* WORK REQUIRED
Up to and including the line with "(\<forall>N. quasi_ideal D", copy the records below exactly from their first line.

BEGIN EXERCISE MATERIAL

definition ideal_of :: "'k::field set \<Rightarrow> 'k set \<Rightarrow> bool" where
  "ideal_of R I \<longleftrightarrow> I \<subseteq> R \<and> submodule R I"

definition prime_ideal :: "'k::field set \<Rightarrow> 'k set \<Rightarrow> bool" where
  "prime_ideal R P \<longleftrightarrow> ideal_of R P \<and> 1 \<notin> P \<and>
     (\<forall>a\<in>R. \<forall>b\<in>R. a * b \<in> P \<longrightarrow> a \<in> P \<or> b \<in> P)"

definition quasi_ideal :: "'k::field set \<Rightarrow> ('k set \<Rightarrow> 'k set) \<Rightarrow> 'k set \<Rightarrow> bool" where
  "quasi_ideal D st I \<longleftrightarrow> ideal_of D I \<and> I \<noteq> {0} \<and> st I \<inter> D = I"

definition QSpec :: "'k::field set \<Rightarrow> ('k set \<Rightarrow> 'k set) \<Rightarrow> 'k set set" where
  "QSpec D st = {P. quasi_ideal D st P \<and> prime_ideal D P}"

definition QMax :: "'k::field set \<Rightarrow> ('k set \<Rightarrow> 'k set) \<Rightarrow> 'k set set" where
  "QMax D st = {M. quasi_ideal D st M \<and> M \<noteq> D \<and>
      (\<forall>N. quasi_ideal D st N \<and> N \<noteq> D \<and> M \<subseteq> N \<longrightarrow> N = M)}"

definition localization :: "'k::field set \<Rightarrow> 'k set \<Rightarrow> 'k set" where
  "localization D P = {a / s | a s. a \<in> D \<and> s \<in> D \<and> s \<notin> P}"

definition ext_loc :: "'k::field set \<Rightarrow> 'k set \<Rightarrow> 'k set \<Rightarrow> 'k set" where
  "ext_loc D M E = {e / s | e s. e \<in> E \<and> s \<in> D \<and> s \<notin> M}"

(* \<star> tilde; the intersection over the empty family is UNIV = K *)
definition tilde :: "'k::field set \<Rightarrow> ('k set \<Rightarrow> 'k set) \<Rightarrow> 'k set \<Rightarrow> 'k set" where
  "tilde D st E = \<Inter>{ext_loc D M E | M. M \<in> QMax D (star_f D st)}"
(* Assume $\sigma_1(x)=\tfrac12\sigma_1''(0)\,x(x-a_1)$ and $\sigma_2(x)=\tfrac12\sigma_2''(0)\,x(x-a_2)$ with $\sigma_1''(0)\ne0$, $\sigma_2''(0)\ne0$ and real $a_2<0<a_1$. Let $\Lambda_q=q^{-2}\Big[1+\frac{(1-q^{-1})\tau'(0)}{\frac12\sigma_1''(0)}\Big]$ and $y_0=q^{-1}\Big[1-\frac{(1-q^{-1})}{a_1}\frac{\tau(0)}{\frac12\sigma_1''(0)}\Big]$, and assume $0<qy_0<1$ and $q^2\Lambda_q<0$. Put $b=a_1$ and $$\rho(x)=|x|^{\alpha}\frac{(qx/b;q)_\infty}{(x/a_2;q)_\infty},\qquad q^{\alpha}=\frac{q^{-2}\sigma_2''(0)a_2}{\sigma_1''(0)b}.$$ Then there exist polynomials $P_n$, $n\in\mathbb{N}_0$, with $P_n$ of degree $n$ a solution of the q-EHT with $\lambda=\lambda_n$, and nonzero constants $d_n^2$, such that for all $m,n\in\mathbb{N}_0$ $$\int_0^{b}P_n(x)P_m(x)\rho(x)\,d_qx=d_n^2\delta_{mn},$$ i.e. orthogonality on $(0,b]$ with respect to $\rho$ supported on $\{q^kb\}_{k\in\mathbb{N}_0}$.
   Context: Throughout $0<q<1$. For a function $y$ and $\zeta\in\{q,q^{-1}\}$, $D_\zeta y(x)=\frac{y(x)-y(\zeta x)}{(1-\zeta)x}$ for $x\ne0$ and $D_\zeta y(0)=y'(0)$; $[n]_q=\frac{1-q^n}{1-q}$. Let $\sigma_1$ be a real polynomial of degree at most two, $\tau(x)=\tau'(0)x+\tau(0)$ a real polynomial with $\tau'(0)\ne0$, and $\sigma_2(x):=q[\sigma_1(x)+(1-q^{-1})x\tau(x)]$. The q-EHT with parameter $n$ is $\sigma_1(x)D_{q^{-1}}D_qy(x)+\tau(x)D_qy(x)+\lambda_ny(x)=0$, $\lambda_n=-[n]_q\big(\tau'(0)+\tfrac12[n-1]_{q^{-1}}\sigma_1''(0)\big)$. $(\beta;q)_\infty=\prod_{k\ge0}(1-\beta q^k)$. For $q^\alpha=c$ ($c\ne0$), $\alpha$ is any complex number with $e^{\alpha\ln q}=c$ and $|x|^\alpha:=e^{\alpha\ln|x|}$. For $b>0$, $\int_0^b f(x)\,d_qx=(1-q)b\sum_{j\ge0}q^jf(q^jb)$. *)

theory Defs
  imports "HOL-Analysis.Analysis" "HOL-Computational_Algebra.Polynomial"
begin

definition qdiff :: "real \<Rightarrow> (real \<Rightarrow> real) \<Rightarrow> real \<Rightarrow> real" where
  "qdiff \<zeta> y x = (if x = 0 then deriv y 0 else (y x - y (\<zeta> * x)) / ((1 - \<zeta>) * x))"
definition Ppow :: "rat \<Rightarrow> 'a inc" where
  "Ppow x u v = x ^ (length v - length u) * of_nat (binom v u)"

lemma Ppow_eq_0: "\<not> wle u v \<Longrightarrow> Ppow x u v = 0"
  by (simp add: wle_def Ppow_def)

lemma Ppow_in_inc_alg: "Ppow x \<in> inc_alg"
  by (auto simp: inc_alg_def Ppow_eq_0)

lemma Ppow_Nil_right: "Ppow y w [] = (if w = [] then 1 else 0)"
  by (cases w) (auto simp: Ppow_def)

lemma Ppow_Cons_right:
  "Ppow y w (a # v) =
     y * Ppow y w v + (case w of [] \<Rightarrow> 0 | c # w' \<Rightarrow> if a = c then Ppow y w' v else 0)"
proof (cases w)
  case Nil thus ?thesis by (simp add: Ppow_def binom_Cons_Cons)
next
  case (Cons c w')
  have "y ^ (Suc (length v) - length w) * of_nat (binom v w) = y * Ppow y w v"
  proof (cases "binom v w = 0")
    case False
    then have "length w \<le> length v" by (simp add: binom_pos_imp_length_le)
    then have "Suc (length v) - length w = Suc (length v - length w)" by simp
    thus ?thesis by (simp add: Ppow_def)
  qed (simp add: Ppow_def)
  with Cons show ?thesis by (simp add: Ppow_def binom_Cons_Cons distrib_left)
qed

lemma sum_words_upto_Suc_Cons:
  "(\<Sum>w\<in>words_upto (Suc m). case w of [] \<Rightarrow> 0 | c # w' \<Rightarrow> if a = c then g w' else 0) =
   (\<Sum>w\<in>(words_upto m :: 'a::finite list set). g w :: 'b::comm_monoid_add)" (is "sum ?f _ = _")
proof -
  have "sum ?f (words_upto (Suc m)) = sum ?f (Cons a ` words_upto m)"
    by (rule sum.mono_neutral_right[OF finite_words_upto])
       (auto simp: words_upto_def split: list.splits)
  also have "\<dots> = (\<Sum>w\<in>words_upto m. g w)" by (subst sum.reindex) auto
  finally show ?thesis .
qed
lemma sum_mu_dvd_coprime:
  assumes "0 < d" "0 < k"
  shows "(\<Sum>a | a dvd d. if a dvd k then mu a else 0) = (if coprime d k then 1 else 0)"
proof -
  have "(\<Sum>a | a dvd d. if a dvd k then mu a else 0) = (\<Sum>a \<in> {a \<in> {a. a dvd d}. a dvd k}. mu a)"
    using assms(1) by (intro sum.inter_filter[symmetric]) simp
  also have "\<dots> = (\<Sum>a | a dvd gcd d k. mu a)"
    by (intro sum.cong) auto
  also have "\<dots> = (if gcd d k = 1 then 1 else 0)"
    using assms by (intro sum_mu_divisors) simp
  finally show ?thesis
    by (simp only: coprime_iff_gcd_eq_1)
qed

text \<open>\<open>dvd_power_of v d\<close> is the paper's \<open>v | d\<^sup>\<infinity>\<close>.\<close>

definition dvd_power_of :: "nat \<Rightarrow> nat \<Rightarrow> bool" where
  "dvd_power_of v d \<longleftrightarrow> 0 < v \<and> (\<forall>q. prime q \<longrightarrow> q dvd v \<longrightarrow> q dvd d)"

lemma coprime_dvd_power_of:
  assumes "dvd_power_of v d" "coprime d m"
  shows "coprime v m"
proof (rule ccontr)
  assume "\<not> coprime v m"
  then have "gcd v m \<noteq> 1"
    by (metis coprime_iff_gcd_eq_1)
  then obtain q where q: "prime q" "q dvd gcd v m"
    using prime_factor_nat by blast
  then have "q dvd d" "q dvd m"
    using assms(1) unfolding dvd_power_of_def by auto
  then have "is_unit q"
    using coprime_common_divisor[OF assms(2)] by simp
  then show False
    using q(1) not_prime_unit by auto
qed
lemma cball_meeting_segment_between_disjoint_cballs:
  fixes c c' e x :: "'a::real_inner"
  assumes x: "x \<in> closed_segment c c'" "x \<in> cball e s"
    and disj: "cball e s \<inter> cball c r = {}" "cball e s \<inter> cball c' r' = {}"
    and "0 < r" "r \<le> r'" "0 \<le> K" "K * r' \<le> s"
  shows "(r + r')\<^sup>2 * (1 + 2 * K) < (dist c c')\<^sup>2"
proof -
  define d where "d = dist c c'"
  obtain u where u: "0 \<le> u" "u \<le> 1" "x = (1 - u) *\<^sub>R c + u *\<^sub>R c'"
    using x(1) unfolding closed_segment_def by blast
  have "0 \<le> s" using x(2) by (meson mem_cball order_trans zero_le_dist)
  have far: "s + r < dist e c" "s + r' < dist e c'"
    using disj cball_Int_cball_nonempty[of s r e c] cball_Int_cball_nonempty[of s r' e c']
      \<open>0 \<le> s\<close> assms(5,6) by force+
  have a: "r < u * d"
    using disj(1) x(2) dist_convex_combination(1)[of c u c'] u by (auto simp: d_def)
  have b: "r' < (1 - u) * d"
    using disj(2) x(2) dist_convex_combination(2)[of c' u c] u by (auto simp: d_def)
  have "d \<noteq> 0" using a \<open>0 < r\<close> by auto
  then have "0 < d" by (simp add: d_def)
  have "(1 - u) * (s + r)\<^sup>2 + u * (s + r')\<^sup>2 < (1 - u) * (dist e c)\<^sup>2 + u * (dist e c')\<^sup>2"
  proof -
    have "u \<noteq> 0" "u \<noteq> 1" using a b assms(5,6) by auto
    with u(1,2) have "0 < u" "0 < 1 - u" by auto
    moreover have "(s + r)\<^sup>2 < (dist e c)\<^sup>2" "(s + r')\<^sup>2 < (dist e c')\<^sup>2"
      using far \<open>0 \<le> s\<close> assms(5,6) by (auto intro!: power_strict_mono)
    ultimately show ?thesis
      by (intro add_strict_mono mult_strict_left_mono)
  qed
  also have "\<dots> = (dist e x)\<^sup>2 + u * (1 - u) * d\<^sup>2"
    using stewart_theorem[of u e c c'] u by (simp add: d_def)
  also have "\<dots> \<le> s\<^sup>2 + u * (1 - u) * d\<^sup>2"
    using x(2) by (simp add: power_mono)
  finally have "d * ((1 - u) * (s + r)\<^sup>2 + u * (s + r')\<^sup>2) < d * (s\<^sup>2 + u * (1 - u) * d\<^sup>2)"
    using \<open>0 < d\<close> by (intro mult_strict_left_mono)
  then have "(1 - u) * d * (s + r)\<^sup>2 + u * d * (s + r')\<^sup>2
      < (u * d + (1 - u) * d) * s\<^sup>2 + u * d * ((1 - u) * d) * (u * d + (1 - u) * d)"
    by (simp add: algebra_simps power2_eq_square)
  from segment_gap_bound[OF \<open>0 < r\<close> \<open>r \<le> r'\<close> a b \<open>0 \<le> K\<close> \<open>K * r' \<le> s\<close> this]
  show ?thesis
    by (simp add: d_def algebra_simps)
qed

lemma le_powr_neg_half_mult:
  fixes t k d :: real
  assumes "0 < k" "0 \<le> d" "t\<^sup>2 * k \<le> d\<^sup>2"
  shows "t \<le> k powr (-1/2) * d"
proof -
  have "(t * sqrt k)\<^sup>2 \<le> d\<^sup>2"
    using assms by (simp add: power_mult_distrib)
  then have "t * sqrt k \<le> d"
    using assms(2) by (rule power2_le_imp_le)
  moreover have "k powr (-1/2) * d = d / sqrt k"
    using assms(1) by (simp add: powr_minus_divide powr_half_sqrt flip: powr_minus)
  ultimately show ?thesis
    using assms(1) by (simp add: pos_le_divide_eq)
qed

subsection \<open>Admissible covers\<close>

lemma vol_cball: "0 \<le> \<rho> \<Longrightarrow> vol (cball (e::R3) \<rho>) = 4/3 * pi * \<rho>^3"
  unfolding vol_def using content_cball[of \<rho> e] by (simp add: unit_ball_vol_3)

lemma vol_cball_powr_third:
  assumes "0 \<le> \<rho>"
  shows "vol (cball (e::R3) \<rho>) powr (1/3) = (4/3 * pi) powr (1/3) * \<rho>"
proof -
  have "vol (cball e \<rho>) powr (1/3) = (4/3 * pi) powr (1/3) * (\<rho>^3) powr (1/3)"
    unfolding vol_cball[OF assms] by (rule powr_mult)
  also have "(\<rho>^3) powr (1/3) = root 3 (\<rho>^3)"
    using assms by (simp add: root_powr_inverse)
  also have "\<dots> = \<rho>"
    using assms by (simp add: real_root_power_cancel)
  finally show ?thesis .
qed

lemma ball_center_cball: "0 < r \<Longrightarrow> ball_center (cball c r) = c"
  unfolding ball_center_def by (rule some_equality) (auto simp: cball_eq_cball_iff)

END EXERCISE MATERIAL

* RESPONSE TO THIS TASK
definition ideal_of :: "'k::field set \<Rightarrow> 'k set \<Rightarrow> bool" where
  "ideal_of R I \<longleftrightarrow> I \<subseteq> R \<and> submodule R I"

definition prime_ideal :: "'k::field set \<Rightarrow> 'k set \<Rightarrow> bool" where
  "prime_ideal R P \<longleftrightarrow> ideal_of R P \<and> 1 \<notin> P \<and>
     (\<forall>a\<in>R. \<forall>b\<in>R. a * b \<in> P \<longrightarrow> a \<in> P \<or> b \<in> P)"

definition quasi_ideal :: "'k::field set \<Rightarrow> ('k set \<Rightarrow> 'k set) \<Rightarrow> 'k set \<Rightarrow> bool" where
  "quasi_ideal D st I \<longleftrightarrow> ideal_of D I \<and> I \<noteq> {0} \<and> st I \<inter> D = I"

definition QSpec :: "'k::field set \<Rightarrow> ('k set \<Rightarrow> 'k set) \<Rightarrow> 'k set set" where
  "QSpec D st = {P. quasi_ideal D st P \<and> prime_ideal D P}"

definition QMax :: "'k::field set \<Rightarrow> ('k set \<Rightarrow> 'k set) \<Rightarrow> 'k set set" where
  "QMax D st = {M. quasi_ideal D st M \<and> M \<noteq> D \<and>
      (\<forall>N. quasi_ideal D st N \<and> N \<noteq> D \<and> M \<subseteq> N \<longrightarrow> N = M)}"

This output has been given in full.